Open AccessA lymphokine, provisionally designated interleukin T and produced by a human adult T-cell leukemia line, stimulates T-cell proliferation and the induction of lymphokine-activated killer cells.
Author(s) -
J. D. Burton,
Richard N. Bamford,
Christian Peters,
Andrew Grant,
Gloria Kurys,
Carolyn K. Goldman,
Jennifer Brennan,
Erich Roessler,
Thomas A. Waldmann
Publication year - 1994
Publication title -
proceedings of the national academy of sciences of the united states of america
Language(s) - English
Resource type - Journals
SCImago Journal Rank - 5.011
H-Index - 771
eISSN - 1091-6490
pISSN - 0027-8424
DOI - 10.1073/pnas.91.11.4935
Subject(s) - lymphokine , autocrine signalling , biology , interleukin 2 , cell culture , t cell , aldesleukin , interleukin 3 , microbiology and biotechnology , cytokine , interleukin 15 , cell growth , cytotoxic t cell , interleukin , immunology , il 2 receptor , immune system , biochemistry , in vitro , genetics
In early phases of human T-cell lymphotrophic virus I-induced adult T-cell leukemia (ATL), the malignant cell proliferation is associated with an autocrine process involving coordinate expression of interleukin (IL) 2 and its receptor. However, during late-phase ATL, leukemic cells no longer produce IL-2 yet continue to express high-affinity IL-2 receptors.

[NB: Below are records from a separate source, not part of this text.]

definition cusp_forms_star :: "real \<Rightarrow> nat \<Rightarrow> (complex \<Rightarrow> complex) set" where
  "cusp_forms_star k N = {f. f holomorphic_on uhp
       \<and> (\<forall>g\<in>Gamma0 N. \<forall>z\<in>uhp. slash k f g z = f z)
       \<and> (\<forall>z\<in>uhp. slash_W k N f z = f z)
       \<and> vanishes_at_cusps k f}"

definition Lambda :: "(complex \<Rightarrow> complex) \<Rightarrow> complex \<Rightarrow> complex" where
  "Lambda f s = integral {0<..} (\<lambda>t::real. f (\<i> * of_real t) * of_real t powr (s - 1))"

text \<open>psi(x) = int_0^{i infty} f(w) (w-x)^(k-2) dw, along w = i t.\<close>
definition psi :: "real \<Rightarrow> (complex \<Rightarrow> complex) \<Rightarrow> real \<Rightarrow> complex" where
  "psi k f x = \<i> * integral {0<..} (\<lambda>t::real. f (\<i> * of_real t) * (\<i> * of_real t - of_real x) powr (complex_of_real (k - 2)))"

definition gbinom :: "real \<Rightarrow> real \<Rightarrow> real" where
  "gbinom z w = Gamma (z + 1) / (Gamma (w + 1) * Gamma (z - w + 1))"
(* Let $n\le m$ and let $\mathcal C$ be an $(n,n-\rho)$ linear code over $\mathrm{GF}(q^m)$ with minimum rank distance $\rho+1$ (an MRD code) and rank covering radius $\rho$. Let $\bar f:\mathrm{GF}(q^m)^n\to\mathrm{GF}(q^{m+\rho})^n$ be the map defined below. Then $\bar f(\mathcal C)$ is a code of length $n$ over $\mathrm{GF}(q^{m+\rho})$ with cardinality $q^{m(n-\rho)}$ and rank covering radius $\rho$.
   Context: The rank $\mathrm{rk}(\mathbf x)$ of a vector over $\mathrm{GF}(q^N)$ is the maximum number of its coordinates linearly independent over $\mathrm{GF}(q)$; $d_{\mathrm R}(\mathbf x,\mathbf y)=\mathrm{rk}(\mathbf x-\mathbf y)$; the rank covering radius of a code $C\subseteq\mathrm{GF}(q^N)^n$ is $\max_{\mathbf x}\min_{\mathbf c\in C}d_{\mathrm R}(\mathbf x,\mathbf c)$. Let $\alpha_0,\dots,\alpha_{m+\rho-1}$ be a basis of $\mathrm{GF}(q^{m+\rho})$ over $\mathrm{GF}(q)$ and $\beta_0,\dots,\beta_{m-1}$ a basis of $\mathrm{GF}(q^m)$ over $\mathrm{GF}(q)$. Let $f:\mathrm{GF}(q^m)\to\mathrm{GF}(q^{m+\rho})$ be the $\mathrm{GF}(q)$-linear map with $f(\beta_i)=\alpha_i$ for $0\le i\le m-1$, and let $\bar f(v_0,\dots,v_{n-1})=(f(v_0),\dots,f(v_{n-1}))$. *)

theory Defs
  imports "HOL-Analysis.Analysis"
begin

text \<open>The ground field GF(q) is a finite field type 'k; an extension field
  (type 'b or 'c) is viewed as a GF(q)-vector space through a field embedding
  iota :: 'k => 'b.\<close>

definition field_emb :: "('k::field \<Rightarrow> 'b::field) \<Rightarrow> bool" where
  "field_emb \<iota> \<longleftrightarrow> \<iota> 1 = 1 \<and> (\<forall>a b. \<iota> (a + b) = \<iota> a + \<iota> b) \<and> (\<forall>a b. \<iota> (a * b) = \<iota> a * \<iota> b)"

definition lin_indep_over :: "('k::field \<Rightarrow> 'b::field) \<Rightarrow> ('i \<Rightarrow> 'b) \<Rightarrow> 'i set \<Rightarrow> bool" where
  "lin_indep_over \<iota> v S \<longleftrightarrow>
     (\<forall>c :: 'i \<Rightarrow> 'k. (\<Sum>i\<in>S. \<iota> (c i) * v i) = 0 \<longrightarrow> (\<forall>i\<in>S. c i = 0))"

definition is_basis_over :: "('k::field \<Rightarrow> 'b::field) \<Rightarrow> (nat \<Rightarrow> 'b) \<Rightarrow> nat \<Rightarrow> bool" where
  "is_basis_over \<iota> v k \<longleftrightarrow> lin_indep_over \<iota> v {..<k} \<and>
     (\<forall>y. \<exists>c :: nat \<Rightarrow> 'k. y = (\<Sum>i<k. \<iota> (c i) * v i))"

definition rk :: "('k::field \<Rightarrow> 'b::field) \<Rightarrow> 'b ^ 'n::finite \<Rightarrow> nat" where
  "rk \<iota> x = Max {card S | S. lin_indep_over \<iota> (\<lambda>i. x $ i) S}"

definition rank_dist :: "('k::field \<Rightarrow> 'b::field) \<Rightarrow> 'b ^ 'n::finite \<Rightarrow> 'b ^ 'n \<Rightarrow> nat" where
  "rank_dist \<iota> x y = rk \<iota> (x - y)"

definition has_min_rank_dist :: "('k::field \<Rightarrow> 'b::field) \<Rightarrow> ('b ^ 'n::finite) set \<Rightarrow> nat \<Rightarrow> bool" where
  "has_min_rank_dist \<iota> C d \<longleftrightarrow>
     (\<exists>x\<in>C. \<exists>y\<in>C. x \<noteq> y \<and> rank_dist \<iota> x y = d) \<and>
     (\<forall>x\<in>C. \<forall>y\<in>C. x \<noteq> y \<longrightarrow> d \<le> rank_dist \<iota> x y)"

definition rank_cov_radius :: "('k::field \<Rightarrow> 'b::{field,finite}) \<Rightarrow> ('b ^ 'n::finite) set \<Rightarrow> nat" where
  "rank_cov_radius \<iota> C = Max (range (\<lambda>x. Min ((\<lambda>c. rank_dist \<iota> x c) ` C)))"

definition fbar :: "('b \<Rightarrow> 'c) \<Rightarrow> 'b ^ 'n \<Rightarrow> 'c ^ 'n" where
  "fbar f v = (\<chi> i. f (v $ i))"

end

theory Submission
  imports Defs
begin

text \<open>Since f is GF(q)-linear and injective, fbar f preserves ranks. So the lifted code has
  as many words as C, namely q^(m(n - \<rho>)), and at the image of a word realising the
  covering radius of C its covering radius is at least \<rho>.

  Conversely, rk v \<le> \<rho> as soon as the GF(q)-linear map a \<mapsto> \<Sum> a_i v_i on GF(q)^n has a
  kernel of dimension n - \<rho>. Given x over GF(q^(m+\<rho>)), counting the fibres of the map
  (a, y) \<mapsto> \<Sum> a_i x_i + f y shows that the space of all a with \<Sum> a_i x_i \<in> f(GF(q^m)) has
  dimension at least n - \<rho>; pick n - \<rho> independent such a. Because C has minimum distance
  \<rho> + 1 and q^(m(n - \<rho>)) words, the values \<Sum> a_i c_i at these a determine c \<in> C and can
  be prescribed arbitrarily. Prescribing f^-1(\<Sum> a_i x_i) gives c with rk (x - fbar f c) \<le> \<rho>.\<close>

text \<open>\<open>rk \<iota> v\<close> is \<open>n\<close> minus the dimension of the kernel of the GF(q)-linear map
  \<open>coord_comb \<iota> v\<close>.\<close>

definition coord_comb :: "('k::field \<Rightarrow> 'b::field) \<Rightarrow> 'b ^ 'n::finite \<Rightarrow> 'k ^ 'n \<Rightarrow> 'b" where
  "coord_comb \<iota> v a = (\<Sum>i\<in>UNIV. \<iota> (a $ i) * v $ i)"

lemma field_emb_0: "field_emb \<iota> \<Longrightarrow> \<iota> 0 = 0"
  unfolding field_emb_def by (metis add_cancel_right_right)

lemma field_emb_add: "field_emb \<iota> \<Longrightarrow> \<iota> (a + b) = \<iota> a + \<iota> b"
  unfolding field_emb_def by blast

lemma field_emb_mult: "field_emb \<iota> \<Longrightarrow> \<iota> (a * b) = \<iota> a * \<iota> b"
  unfolding field_emb_def by blast

lemma additive_coord_comb: "field_emb \<iota> \<Longrightarrow> Modules.additive (coord_comb \<iota> v)"
  by unfold_locales (simp add: coord_comb_def field_emb_add distrib_right sum.distrib)

lemma coord_comb_scale: "field_emb \<iota> \<Longrightarrow> coord_comb \<iota> v (s *s a) = \<iota> s * coord_comb \<iota> v a"
  unfolding coord_comb_def by (simp add: field_emb_mult sum_distrib_left mult.assoc)

lemma coord_comb_diff_vec: "coord_comb \<iota> (v - w) a = coord_comb \<iota> v a - coord_comb \<iota> w a"
  unfolding coord_comb_def by (simp add: right_diff_distrib sum_subtractf)

lemma subspace_coord_comb_preimage:
  assumes "field_emb \<iota>" and "0 \<in> V" and "\<And>x y. x \<in> V \<Longrightarrow> y \<in> V \<Longrightarrow> x + y \<in> V"
    and "\<And>s x. x \<in> V \<Longrightarrow> \<iota> s * x \<in> V"
  shows "vec.subspace {a. coord_comb \<iota> v a \<in> V}"
proof -
  interpret Modules.additive "coord_comb \<iota> v" by (rule additive_coord_comb[OF assms(1)])
  show ?thesis unfolding vec.subspace_def using assms by (simp add: zero add coord_comb_scale)
qed

lemma lin_indep_over_subset:
  assumes "field_emb \<iota>" and "lin_indep_over \<iota> v T" and "S \<subseteq> T" and "finite T"
  shows "lin_indep_over \<iota> v S"
  unfolding lin_indep_over_def
proof (intro allI impI)
  fix c assume "(\<Sum>i\<in>S. \<iota> (c i) * v i) = 0"
  let ?c = "\<lambda>i. if i \<in> S then c i else 0"
  have "(\<Sum>i\<in>T. \<iota> (?c i) * v i) = (\<Sum>i\<in>S. \<iota> (?c i) * v i)"
    using assms by (intro sum.mono_neutral_right) (auto simp: field_emb_0)
  with \<open>(\<Sum>i\<in>S. \<iota> (c i) * v i) = 0\<close> have "(\<Sum>i\<in>T. \<iota> (?c i) * v i) = 0"
    by simp
  then have "\<forall>i\<in>T. ?c i = 0"
    using assms(2)[unfolded lin_indep_over_def, THEN spec[of _ ?c]] by blast
  then show "\<forall>i\<in>S. c i = 0"
    using assms(3) by force
qed

lemma rk_leI:
  fixes v :: "'b::field ^ 'n::finite"
  assumes "\<And>S. lin_indep_over \<iota> (\<lambda>i. v $ i) S \<Longrightarrow> card S \<le> r"
  shows "rk \<iota> v \<le> r"
proof -
  have "card S \<le> CARD('n)" for S :: "'n set"
    by (rule card_mono) auto
  then have "{card S | S. lin_indep_over \<iota> (\<lambda>i. v $ i) S} \<subseteq> {..CARD('n)}"
    by auto
  moreover have "card {} \<in> {card S | S. lin_indep_over \<iota> (\<lambda>i. v $ i) S}"
    unfolding lin_indep_over_def by auto
  ultimately show ?thesis
    unfolding rk_def using assms by (subst Max_le_iff) (auto intro: finite_subset)
qed

lemma one_less_card: "1 < CARD('a::{zero_neq_one,finite})"
proof -
  have "card {0 :: 'a, 1} \<le> CARD('a)" by (rule card_mono) auto
  then show ?thesis by simp
qed

lemma card_range_mult_card_kernel:
  fixes P :: "'a::{ab_group_add,finite} \<Rightarrow> 'b::ab_group_add"
  assumes "Modules.additive P"
  shows "card (range P) * card {x. P x = 0} = CARD('a)"
proof -
  let ?K = "{x. P x = 0}"
  have "P -` {P x} = (+) x ` ?K" for x
  proof (intro set_eqI iffI)
    fix y assume "y \<in> P -` {P x}"
    then have "y - x \<in> ?K" by (simp add: additive.diff[OF assms])
    then show "y \<in> (+) x ` ?K" by (auto intro: image_eqI[of _ _ "y - x"])
  qed (auto simp: additive.add[OF assms])
  then have fiber: "card (P -` {w}) = card ?K" if "w \<in> range P" for w
    using that by (auto simp: card_image)
  have "(\<Union>w\<in>range P. P -` {w}) = UNIV" by auto
  then have "CARD('a) = card (\<Union>w\<in>range P. P -` {w})" by simp
  also have "\<dots> = (\<Sum>w\<in>range P. card (P -` {w}))"
    by (rule card_UN_disjoint) auto
  also have "\<dots> = card (range P) * card ?K"
    by (simp add: fiber)
  finally show ?thesis ..
qed

lemma card_vec_supported_on:
  "card {a :: 'k::{zero,finite} ^ 'n::finite. \<forall>i. i \<notin> S \<longrightarrow> a $ i = 0} = CARD('k) ^ card S"
proof -
  let ?E = "{a :: 'k ^ 'n. \<forall>i. i \<notin> S \<longrightarrow> a $ i = 0}"
  have "bij_betw (\<lambda>a. restrict (($) a) S) ?E (S \<rightarrow>\<^sub>E UNIV)"
  proof (rule bij_betw_byWitness[where f' = "\<lambda>g. \<chi> i. if i \<in> S then g i else 0"])
    show "\<forall>a\<in>?E. (\<chi> i. if i \<in> S then restrict (($) a) S i else 0) = a"
      by (simp add: vec_eq_iff)
    show "\<forall>g\<in>S \<rightarrow>\<^sub>E UNIV. restrict (($) (\<chi> i. if i \<in> S then g i else 0)) S = g"
      by (auto simp: PiE_iff extensional_def)
  qed auto
  then show ?thesis
    by (simp add: bij_betw_same_card card_PiE)
qed

lemma inj_on_coord_comb_supported:
  fixes \<iota> :: "'k::field \<Rightarrow> 'b::field" and v :: "'b ^ 'n::finite"
  assumes emb: "field_emb \<iota>" and indep: "lin_indep_over \<iota> (\<lambda>i. v $ i) S"
  shows "inj_on (coord_comb \<iota> v) {a. \<forall>i. i \<notin> S \<longrightarrow> a $ i = 0}"
proof (rule inj_onI)
  interpret Modules.additive "coord_comb \<iota> v" by (rule additive_coord_comb[OF emb])
  fix a b assume "a \<in> {a. \<forall>i. i \<notin> S \<longrightarrow> a $ i = 0}" "b \<in> {a. \<forall>i. i \<notin> S \<longrightarrow> a $ i = 0}"
    and eq: "coord_comb \<iota> v a = coord_comb \<iota> v b"
  then have supp: "\<forall>i. i \<notin> S \<longrightarrow> (a - b) $ i = 0" by simp
  have "(\<Sum>i\<in>S. \<iota> ((a - b) $ i) * v $ i) = coord_comb \<iota> v (a - b)"
    unfolding coord_comb_def using supp by (intro sum.mono_neutral_left) (auto simp: field_emb_0[OF emb])
  also have "\<dots> = 0" using eq by (simp add: diff)
  finally have "\<forall>i\<in>S. (a - b) $ i = 0"
    using indep unfolding lin_indep_over_def by blast
  with supp have "a - b = 0" by (simp add: vec_eq_iff) metis
  then show "a = b" by simp
qed

lemma rk_le_of_card_kernel:
  fixes \<iota> :: "'k::{field,finite} \<Rightarrow> 'b::field" and v :: "'b ^ 'n::finite"
  assumes emb: "field_emb \<iota>" and ker: "CARD('k) ^ (CARD('n) - r) \<le> card {a. coord_comb \<iota> v a = 0}"
  shows "rk \<iota> v \<le> r"
proof (rule rk_leI)
  fix S assume indep: "lin_indep_over \<iota> (\<lambda>i. v $ i) S"
  let ?E = "{a :: 'k ^ 'n. \<forall>i. i \<notin> S \<longrightarrow> a $ i = 0}"
  have "CARD('k) ^ card S = card (coord_comb \<iota> v ` ?E)"
    by (simp add: card_image inj_on_coord_comb_supported[OF emb indep] card_vec_supported_on)
  also have "\<dots> \<le> card (range (coord_comb \<iota> v))"
    by (intro card_mono) auto
  finally have "CARD('k) ^ card S * CARD('k) ^ (CARD('n) - r)
      \<le> card (range (coord_comb \<iota> v)) * card {a. coord_comb \<iota> v a = 0}"
    using ker by (rule mult_le_mono)
  then have "CARD('k) ^ card S * CARD('k) ^ (CARD('n) - r) \<le> CARD('k) ^ CARD('n)"
    by (simp add: card_range_mult_card_kernel[OF additive_coord_comb[OF emb]])
  then have "CARD('k) ^ (card S + (CARD('n) - r)) \<le> CARD('k) ^ CARD('n)"
    by (simp only: power_add)
  then have "card S + (CARD('n) - r) \<le> CARD('n)"
    by (rule power_le_imp_le_exp[OF one_less_card])
  moreover have "card S \<le> CARD('n)" by (rule card_mono) auto
  ultimately show "card S \<le> r" by linarith
qed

During studies to define pathogenic mechanisms that underlie this IL-2-independent proliferation, we demonstrated that the ATL cell line HuT-102 secretes a lymphokine, provisionally designated IL-T, that stimulates T-cell proliferation and the induction of lymphokine-activated killer cells. Conditioned medium from HuT-102, when added to the IL-2-dependent CTLL-2 line, yielded a stimulation index of 230. Since CTLL-2 was purported to be IL-2-specific, we performed a number of studies to exclude IL-2 production by HuT-102. Stimulation of CTLL-2 cells by HuT-102-conditioned medium was not meaningfully inhibited by addition of an antiserum to IL-2. Furthermore, uninduced HuT-102 cells did not express mRNA encoding IL-2 as assessed by Northern blot analysis. No biological activity on CTLL-2 cells was mediated by purified IL-1, IL-3, IL-4, IL-5, IL-6, IL-7, IL-9, IL-10, IL-12, IL-13, or granulocyte/macrophage colony-stimulating factor, thus differentiating these factors from IL-T. Based on preliminary biochemical data, IL-T is a protein with a pI value of 4.5 and a molecular mass in SDS gels of 14 kDa. In addition to its action on CTLL-2 cells, 3200-fold-purified IL-T stimulated proliferation of the human cytokine-dependent T-cell line Kit-225. Furthermore, addition of IL-T enhanced cytotoxic activity of large granular lymphocytes (i.e., induced lymphokine-activated killer cells). Thus, IL-T is a lymphokine that plays a role in T-cell proliferation and induction of lymphokine-activated killer cells. Furthermore, IL-T may contribute to IL-2-independent proliferation of select ATL cells and lines.